## PROBLEM TO SOLVE
Filter the records below for the word "impI". Copy each line that holds it.

## DATA SUPPLIED
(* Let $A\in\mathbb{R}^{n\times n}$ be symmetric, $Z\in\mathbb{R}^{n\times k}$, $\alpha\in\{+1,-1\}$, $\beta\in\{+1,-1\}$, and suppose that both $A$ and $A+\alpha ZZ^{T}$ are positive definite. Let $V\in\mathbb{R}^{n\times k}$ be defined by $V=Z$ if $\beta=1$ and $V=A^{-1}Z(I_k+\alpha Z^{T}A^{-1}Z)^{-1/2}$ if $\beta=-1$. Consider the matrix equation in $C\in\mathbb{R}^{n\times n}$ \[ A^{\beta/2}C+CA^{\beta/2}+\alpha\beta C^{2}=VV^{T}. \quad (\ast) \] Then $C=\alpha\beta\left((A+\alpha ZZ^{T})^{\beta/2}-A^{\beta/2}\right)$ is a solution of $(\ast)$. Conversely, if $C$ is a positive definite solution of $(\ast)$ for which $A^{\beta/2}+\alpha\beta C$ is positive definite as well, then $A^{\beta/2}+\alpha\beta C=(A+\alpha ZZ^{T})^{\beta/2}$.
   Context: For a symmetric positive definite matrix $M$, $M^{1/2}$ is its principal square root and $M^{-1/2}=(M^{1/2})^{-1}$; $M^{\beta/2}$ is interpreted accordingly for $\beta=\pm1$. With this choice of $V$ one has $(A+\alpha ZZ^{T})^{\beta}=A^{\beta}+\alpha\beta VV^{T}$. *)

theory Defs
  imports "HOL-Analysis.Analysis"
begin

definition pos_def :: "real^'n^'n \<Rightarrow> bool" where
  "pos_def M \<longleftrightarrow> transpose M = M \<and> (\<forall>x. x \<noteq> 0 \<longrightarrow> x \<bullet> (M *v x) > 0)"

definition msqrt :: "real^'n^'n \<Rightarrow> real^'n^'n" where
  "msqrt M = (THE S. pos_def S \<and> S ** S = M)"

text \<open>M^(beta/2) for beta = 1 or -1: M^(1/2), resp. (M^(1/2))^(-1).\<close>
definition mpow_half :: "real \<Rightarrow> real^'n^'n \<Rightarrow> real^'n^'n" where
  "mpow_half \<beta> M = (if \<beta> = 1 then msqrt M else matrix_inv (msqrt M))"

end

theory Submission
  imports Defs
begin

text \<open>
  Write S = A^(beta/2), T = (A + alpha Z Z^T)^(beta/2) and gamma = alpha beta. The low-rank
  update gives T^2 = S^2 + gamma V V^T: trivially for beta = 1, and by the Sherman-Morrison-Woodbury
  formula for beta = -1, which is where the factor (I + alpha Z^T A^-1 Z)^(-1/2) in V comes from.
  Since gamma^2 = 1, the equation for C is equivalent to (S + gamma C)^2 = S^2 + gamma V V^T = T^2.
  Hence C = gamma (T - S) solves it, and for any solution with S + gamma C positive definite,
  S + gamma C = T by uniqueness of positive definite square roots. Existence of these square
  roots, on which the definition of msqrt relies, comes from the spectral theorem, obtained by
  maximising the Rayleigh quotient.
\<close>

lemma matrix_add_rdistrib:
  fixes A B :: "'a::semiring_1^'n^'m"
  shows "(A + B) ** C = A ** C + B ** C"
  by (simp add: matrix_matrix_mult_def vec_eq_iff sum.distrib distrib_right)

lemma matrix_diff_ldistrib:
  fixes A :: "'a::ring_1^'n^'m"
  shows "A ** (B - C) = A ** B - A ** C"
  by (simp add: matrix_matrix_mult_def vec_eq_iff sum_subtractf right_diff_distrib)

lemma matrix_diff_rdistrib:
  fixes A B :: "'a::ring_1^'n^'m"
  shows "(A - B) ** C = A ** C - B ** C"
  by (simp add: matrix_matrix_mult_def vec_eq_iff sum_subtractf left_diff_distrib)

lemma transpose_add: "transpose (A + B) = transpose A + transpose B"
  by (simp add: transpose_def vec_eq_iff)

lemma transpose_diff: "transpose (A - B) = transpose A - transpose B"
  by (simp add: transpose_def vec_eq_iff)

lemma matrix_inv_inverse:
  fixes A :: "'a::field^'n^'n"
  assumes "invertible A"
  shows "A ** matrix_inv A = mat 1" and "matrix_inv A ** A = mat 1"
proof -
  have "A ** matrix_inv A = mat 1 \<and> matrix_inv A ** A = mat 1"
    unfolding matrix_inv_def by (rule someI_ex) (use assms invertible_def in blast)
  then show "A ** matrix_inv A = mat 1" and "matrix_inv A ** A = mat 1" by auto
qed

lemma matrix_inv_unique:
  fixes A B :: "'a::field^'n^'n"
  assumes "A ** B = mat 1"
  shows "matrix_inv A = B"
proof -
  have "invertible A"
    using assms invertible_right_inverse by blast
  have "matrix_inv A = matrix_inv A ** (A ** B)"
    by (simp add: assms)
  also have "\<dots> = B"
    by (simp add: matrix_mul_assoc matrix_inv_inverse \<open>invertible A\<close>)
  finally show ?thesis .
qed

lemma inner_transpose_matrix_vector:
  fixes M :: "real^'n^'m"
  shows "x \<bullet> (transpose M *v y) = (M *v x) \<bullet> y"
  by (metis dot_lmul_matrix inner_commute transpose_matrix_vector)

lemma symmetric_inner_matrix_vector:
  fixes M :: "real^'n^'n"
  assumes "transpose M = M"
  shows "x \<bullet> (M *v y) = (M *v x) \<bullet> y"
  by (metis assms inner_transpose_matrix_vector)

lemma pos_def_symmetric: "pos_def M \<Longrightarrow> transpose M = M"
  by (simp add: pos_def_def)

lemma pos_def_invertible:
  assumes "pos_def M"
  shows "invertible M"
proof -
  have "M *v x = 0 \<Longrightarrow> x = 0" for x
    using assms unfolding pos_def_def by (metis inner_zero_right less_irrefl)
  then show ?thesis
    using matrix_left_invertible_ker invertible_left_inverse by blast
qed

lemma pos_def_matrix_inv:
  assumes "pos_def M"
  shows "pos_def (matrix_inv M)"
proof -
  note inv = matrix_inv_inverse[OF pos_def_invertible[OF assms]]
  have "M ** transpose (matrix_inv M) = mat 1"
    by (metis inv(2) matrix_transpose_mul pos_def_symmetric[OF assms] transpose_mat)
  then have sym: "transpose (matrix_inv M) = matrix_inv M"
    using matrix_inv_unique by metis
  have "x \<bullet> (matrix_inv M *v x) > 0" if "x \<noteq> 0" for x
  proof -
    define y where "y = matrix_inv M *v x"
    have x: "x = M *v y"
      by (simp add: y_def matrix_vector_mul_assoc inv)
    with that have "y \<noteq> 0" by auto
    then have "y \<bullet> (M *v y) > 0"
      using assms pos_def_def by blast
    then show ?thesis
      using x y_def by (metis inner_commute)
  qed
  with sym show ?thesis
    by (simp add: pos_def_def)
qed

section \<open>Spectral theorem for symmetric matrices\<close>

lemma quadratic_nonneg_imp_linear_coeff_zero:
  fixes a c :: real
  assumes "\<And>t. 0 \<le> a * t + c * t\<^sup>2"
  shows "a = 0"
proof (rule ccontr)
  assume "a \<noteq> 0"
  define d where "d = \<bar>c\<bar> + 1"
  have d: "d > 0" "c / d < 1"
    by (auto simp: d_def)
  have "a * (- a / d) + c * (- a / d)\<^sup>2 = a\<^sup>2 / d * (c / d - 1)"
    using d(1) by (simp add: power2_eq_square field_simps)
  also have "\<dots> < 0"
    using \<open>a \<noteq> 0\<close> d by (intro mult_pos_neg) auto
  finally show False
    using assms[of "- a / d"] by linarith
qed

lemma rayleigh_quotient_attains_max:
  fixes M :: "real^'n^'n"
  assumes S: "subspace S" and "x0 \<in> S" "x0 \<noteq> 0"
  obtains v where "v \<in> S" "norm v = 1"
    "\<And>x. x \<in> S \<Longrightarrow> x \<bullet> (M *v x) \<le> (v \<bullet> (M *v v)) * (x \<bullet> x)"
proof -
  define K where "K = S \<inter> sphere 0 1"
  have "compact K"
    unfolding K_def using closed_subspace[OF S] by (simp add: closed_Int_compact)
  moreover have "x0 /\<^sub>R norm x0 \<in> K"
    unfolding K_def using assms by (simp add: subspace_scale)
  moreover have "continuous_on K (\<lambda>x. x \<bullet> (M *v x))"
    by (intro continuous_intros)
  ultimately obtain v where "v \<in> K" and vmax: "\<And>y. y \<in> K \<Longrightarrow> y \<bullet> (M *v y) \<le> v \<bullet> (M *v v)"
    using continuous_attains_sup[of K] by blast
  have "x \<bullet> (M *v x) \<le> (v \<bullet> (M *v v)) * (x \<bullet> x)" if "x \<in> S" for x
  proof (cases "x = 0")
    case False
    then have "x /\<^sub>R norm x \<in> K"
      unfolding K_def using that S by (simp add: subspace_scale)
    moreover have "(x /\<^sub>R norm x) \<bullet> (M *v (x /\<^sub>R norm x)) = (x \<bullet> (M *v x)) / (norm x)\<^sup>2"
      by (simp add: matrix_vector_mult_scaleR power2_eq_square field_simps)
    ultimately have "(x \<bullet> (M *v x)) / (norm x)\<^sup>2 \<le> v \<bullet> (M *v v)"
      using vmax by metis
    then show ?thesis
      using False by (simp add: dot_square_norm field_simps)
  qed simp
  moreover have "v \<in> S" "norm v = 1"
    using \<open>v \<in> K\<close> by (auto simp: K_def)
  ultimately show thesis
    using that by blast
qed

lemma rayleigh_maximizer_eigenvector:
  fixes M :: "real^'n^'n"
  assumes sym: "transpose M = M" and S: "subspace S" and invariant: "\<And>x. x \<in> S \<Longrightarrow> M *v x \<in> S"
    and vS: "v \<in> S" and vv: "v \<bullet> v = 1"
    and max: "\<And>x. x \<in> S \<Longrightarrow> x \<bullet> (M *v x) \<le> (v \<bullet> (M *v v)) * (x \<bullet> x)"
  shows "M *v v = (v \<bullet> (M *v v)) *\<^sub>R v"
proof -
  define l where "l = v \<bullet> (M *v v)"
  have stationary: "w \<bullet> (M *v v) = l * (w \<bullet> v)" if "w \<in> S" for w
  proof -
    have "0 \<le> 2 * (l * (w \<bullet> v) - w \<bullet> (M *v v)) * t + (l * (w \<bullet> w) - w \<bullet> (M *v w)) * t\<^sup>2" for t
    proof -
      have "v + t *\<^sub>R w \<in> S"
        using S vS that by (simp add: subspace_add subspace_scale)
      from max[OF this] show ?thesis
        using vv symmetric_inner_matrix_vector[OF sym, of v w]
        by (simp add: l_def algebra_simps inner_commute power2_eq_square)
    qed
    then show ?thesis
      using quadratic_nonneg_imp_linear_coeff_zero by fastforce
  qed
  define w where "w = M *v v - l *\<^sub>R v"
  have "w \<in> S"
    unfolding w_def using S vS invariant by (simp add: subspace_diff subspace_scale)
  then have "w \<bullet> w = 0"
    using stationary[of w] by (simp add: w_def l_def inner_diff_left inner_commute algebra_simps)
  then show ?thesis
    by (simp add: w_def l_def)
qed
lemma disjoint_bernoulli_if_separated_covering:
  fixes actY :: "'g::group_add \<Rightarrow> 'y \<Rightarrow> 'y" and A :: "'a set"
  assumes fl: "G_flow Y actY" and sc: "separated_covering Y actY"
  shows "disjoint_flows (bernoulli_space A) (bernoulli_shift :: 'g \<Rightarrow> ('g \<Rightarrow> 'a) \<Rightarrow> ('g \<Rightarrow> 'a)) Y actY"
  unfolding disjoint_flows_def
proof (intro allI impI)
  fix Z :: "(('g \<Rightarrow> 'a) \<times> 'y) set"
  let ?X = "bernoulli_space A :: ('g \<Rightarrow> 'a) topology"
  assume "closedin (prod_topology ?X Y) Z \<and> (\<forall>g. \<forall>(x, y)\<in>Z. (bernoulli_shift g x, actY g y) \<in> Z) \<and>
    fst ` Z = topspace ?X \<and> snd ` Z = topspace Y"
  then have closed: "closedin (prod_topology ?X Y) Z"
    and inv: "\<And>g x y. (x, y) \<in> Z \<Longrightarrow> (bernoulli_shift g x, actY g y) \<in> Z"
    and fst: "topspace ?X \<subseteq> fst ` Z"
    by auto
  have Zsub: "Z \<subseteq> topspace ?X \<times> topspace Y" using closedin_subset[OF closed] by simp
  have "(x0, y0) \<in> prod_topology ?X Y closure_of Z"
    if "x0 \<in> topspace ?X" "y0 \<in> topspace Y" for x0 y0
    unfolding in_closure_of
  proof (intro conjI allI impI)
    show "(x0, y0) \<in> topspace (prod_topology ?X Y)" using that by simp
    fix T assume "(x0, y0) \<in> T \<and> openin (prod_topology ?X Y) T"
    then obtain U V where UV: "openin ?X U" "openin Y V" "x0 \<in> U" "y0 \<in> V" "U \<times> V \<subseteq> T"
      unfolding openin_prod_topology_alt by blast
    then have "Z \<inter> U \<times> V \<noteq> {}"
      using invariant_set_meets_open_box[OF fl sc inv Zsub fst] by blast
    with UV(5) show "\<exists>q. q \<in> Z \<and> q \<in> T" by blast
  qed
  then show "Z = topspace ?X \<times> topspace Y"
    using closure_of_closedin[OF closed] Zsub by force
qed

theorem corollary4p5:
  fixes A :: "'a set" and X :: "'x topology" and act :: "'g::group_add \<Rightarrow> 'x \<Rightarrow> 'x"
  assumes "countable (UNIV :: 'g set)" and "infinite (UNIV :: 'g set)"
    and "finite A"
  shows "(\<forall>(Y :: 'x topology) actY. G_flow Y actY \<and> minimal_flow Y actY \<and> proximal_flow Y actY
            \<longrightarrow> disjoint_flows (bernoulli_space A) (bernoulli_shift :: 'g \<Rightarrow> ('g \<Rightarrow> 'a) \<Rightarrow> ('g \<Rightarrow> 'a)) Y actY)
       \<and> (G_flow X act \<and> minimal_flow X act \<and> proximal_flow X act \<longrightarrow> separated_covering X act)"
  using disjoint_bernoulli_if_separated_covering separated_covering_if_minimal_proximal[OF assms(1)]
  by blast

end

## RESULT FOR THIS EXERCISE
proof (intro allI impI)
  proof (intro conjI allI impI)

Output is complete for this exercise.